Reproduce word for word, from the entries below, the line with "(\<forall>c. \<forall>x\<in>L. sc", the line with "(\<forall>J. left_ideal sc J \<and> J", and every line between them, and nothing more.
___ RECORDS SUPPLIED
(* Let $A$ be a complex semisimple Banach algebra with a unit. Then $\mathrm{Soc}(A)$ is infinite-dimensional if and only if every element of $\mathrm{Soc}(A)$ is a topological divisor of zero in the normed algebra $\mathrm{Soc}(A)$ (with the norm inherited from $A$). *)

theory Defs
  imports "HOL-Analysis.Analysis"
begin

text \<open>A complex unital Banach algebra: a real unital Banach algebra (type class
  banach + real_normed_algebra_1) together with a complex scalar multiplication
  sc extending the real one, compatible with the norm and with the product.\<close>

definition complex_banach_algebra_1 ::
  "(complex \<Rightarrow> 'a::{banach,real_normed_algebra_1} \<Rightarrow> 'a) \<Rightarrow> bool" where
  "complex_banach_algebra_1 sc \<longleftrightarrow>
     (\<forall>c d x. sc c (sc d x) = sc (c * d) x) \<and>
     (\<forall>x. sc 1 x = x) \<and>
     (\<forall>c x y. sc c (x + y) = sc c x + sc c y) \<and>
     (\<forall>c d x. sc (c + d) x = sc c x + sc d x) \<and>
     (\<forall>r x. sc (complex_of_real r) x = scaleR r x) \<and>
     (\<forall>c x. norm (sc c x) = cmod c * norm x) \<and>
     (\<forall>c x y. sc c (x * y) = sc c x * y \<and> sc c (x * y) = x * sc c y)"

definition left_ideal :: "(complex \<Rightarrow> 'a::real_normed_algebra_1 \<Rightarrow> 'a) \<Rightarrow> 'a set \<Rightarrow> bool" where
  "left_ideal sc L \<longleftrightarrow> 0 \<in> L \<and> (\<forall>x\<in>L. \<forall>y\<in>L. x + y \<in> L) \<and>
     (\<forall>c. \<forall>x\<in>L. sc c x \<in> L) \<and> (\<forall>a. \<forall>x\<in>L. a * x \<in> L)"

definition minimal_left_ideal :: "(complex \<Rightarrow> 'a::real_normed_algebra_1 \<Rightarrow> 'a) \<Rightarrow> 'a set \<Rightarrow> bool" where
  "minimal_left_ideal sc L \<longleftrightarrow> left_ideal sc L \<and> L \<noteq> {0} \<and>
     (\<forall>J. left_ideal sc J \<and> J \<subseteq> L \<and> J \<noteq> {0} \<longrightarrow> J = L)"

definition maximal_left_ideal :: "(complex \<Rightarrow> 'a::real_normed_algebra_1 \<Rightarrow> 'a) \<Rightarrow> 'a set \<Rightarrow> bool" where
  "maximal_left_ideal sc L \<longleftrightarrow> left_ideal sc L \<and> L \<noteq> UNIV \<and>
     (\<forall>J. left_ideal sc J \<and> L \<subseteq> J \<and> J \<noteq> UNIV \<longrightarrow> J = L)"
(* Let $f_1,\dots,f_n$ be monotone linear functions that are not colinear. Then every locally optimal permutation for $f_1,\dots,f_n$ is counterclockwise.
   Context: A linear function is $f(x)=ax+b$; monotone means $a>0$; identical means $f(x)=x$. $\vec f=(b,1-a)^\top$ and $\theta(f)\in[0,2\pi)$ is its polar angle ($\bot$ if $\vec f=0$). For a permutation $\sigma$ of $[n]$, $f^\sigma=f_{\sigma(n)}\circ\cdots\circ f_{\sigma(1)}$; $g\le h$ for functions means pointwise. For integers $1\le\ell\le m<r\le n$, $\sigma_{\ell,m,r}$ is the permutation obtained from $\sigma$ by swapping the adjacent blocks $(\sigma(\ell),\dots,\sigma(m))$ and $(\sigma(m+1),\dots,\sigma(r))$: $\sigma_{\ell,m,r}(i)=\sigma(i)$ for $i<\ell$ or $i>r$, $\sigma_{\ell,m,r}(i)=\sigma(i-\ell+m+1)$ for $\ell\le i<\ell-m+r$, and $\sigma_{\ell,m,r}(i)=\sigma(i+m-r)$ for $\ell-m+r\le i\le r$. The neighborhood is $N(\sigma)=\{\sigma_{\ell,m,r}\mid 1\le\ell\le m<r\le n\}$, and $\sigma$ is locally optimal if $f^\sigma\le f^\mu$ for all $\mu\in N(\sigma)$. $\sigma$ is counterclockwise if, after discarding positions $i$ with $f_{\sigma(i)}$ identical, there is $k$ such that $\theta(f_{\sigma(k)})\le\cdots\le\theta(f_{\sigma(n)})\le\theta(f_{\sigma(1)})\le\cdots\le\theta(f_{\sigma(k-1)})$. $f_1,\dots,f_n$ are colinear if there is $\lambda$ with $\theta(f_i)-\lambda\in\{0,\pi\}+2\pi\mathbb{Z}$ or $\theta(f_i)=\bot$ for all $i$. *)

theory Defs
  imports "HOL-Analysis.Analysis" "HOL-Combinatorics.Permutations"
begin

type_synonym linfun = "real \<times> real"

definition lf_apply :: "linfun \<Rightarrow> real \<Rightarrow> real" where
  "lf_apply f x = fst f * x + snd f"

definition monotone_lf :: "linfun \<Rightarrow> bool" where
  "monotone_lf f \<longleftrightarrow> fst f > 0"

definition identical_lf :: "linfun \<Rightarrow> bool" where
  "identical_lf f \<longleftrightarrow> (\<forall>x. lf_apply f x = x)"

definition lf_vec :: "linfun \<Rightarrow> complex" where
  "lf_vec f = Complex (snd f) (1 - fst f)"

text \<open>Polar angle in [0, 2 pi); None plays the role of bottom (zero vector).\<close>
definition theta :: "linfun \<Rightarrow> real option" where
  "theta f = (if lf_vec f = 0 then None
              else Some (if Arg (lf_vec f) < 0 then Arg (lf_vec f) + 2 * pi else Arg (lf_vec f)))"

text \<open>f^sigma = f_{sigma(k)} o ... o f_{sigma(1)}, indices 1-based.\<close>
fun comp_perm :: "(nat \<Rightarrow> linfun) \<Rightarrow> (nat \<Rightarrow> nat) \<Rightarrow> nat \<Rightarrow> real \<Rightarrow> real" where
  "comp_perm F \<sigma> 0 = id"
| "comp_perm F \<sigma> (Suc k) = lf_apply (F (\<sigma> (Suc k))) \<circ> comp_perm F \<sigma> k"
______
→ **SOLUTION TO THIS TASK**:
     (\<forall>c. \<forall>x\<in>L. sc c x \<in> L) \<and> (\<forall>a. \<forall>x\<in>L. a * x \<in> L)"

definition minimal_left_ideal :: "(complex \<Rightarrow> 'a::real_normed_algebra_1 \<Rightarrow> 'a) \<Rightarrow> 'a set \<Rightarrow> bool" where
  "minimal_left_ideal sc L \<longleftrightarrow> left_ideal sc L \<and> L \<noteq> {0} \<and>
     (\<forall>J. left_ideal sc J \<and> J \<subseteq> L \<and> J \<noteq> {0} \<longrightarrow> J = L)"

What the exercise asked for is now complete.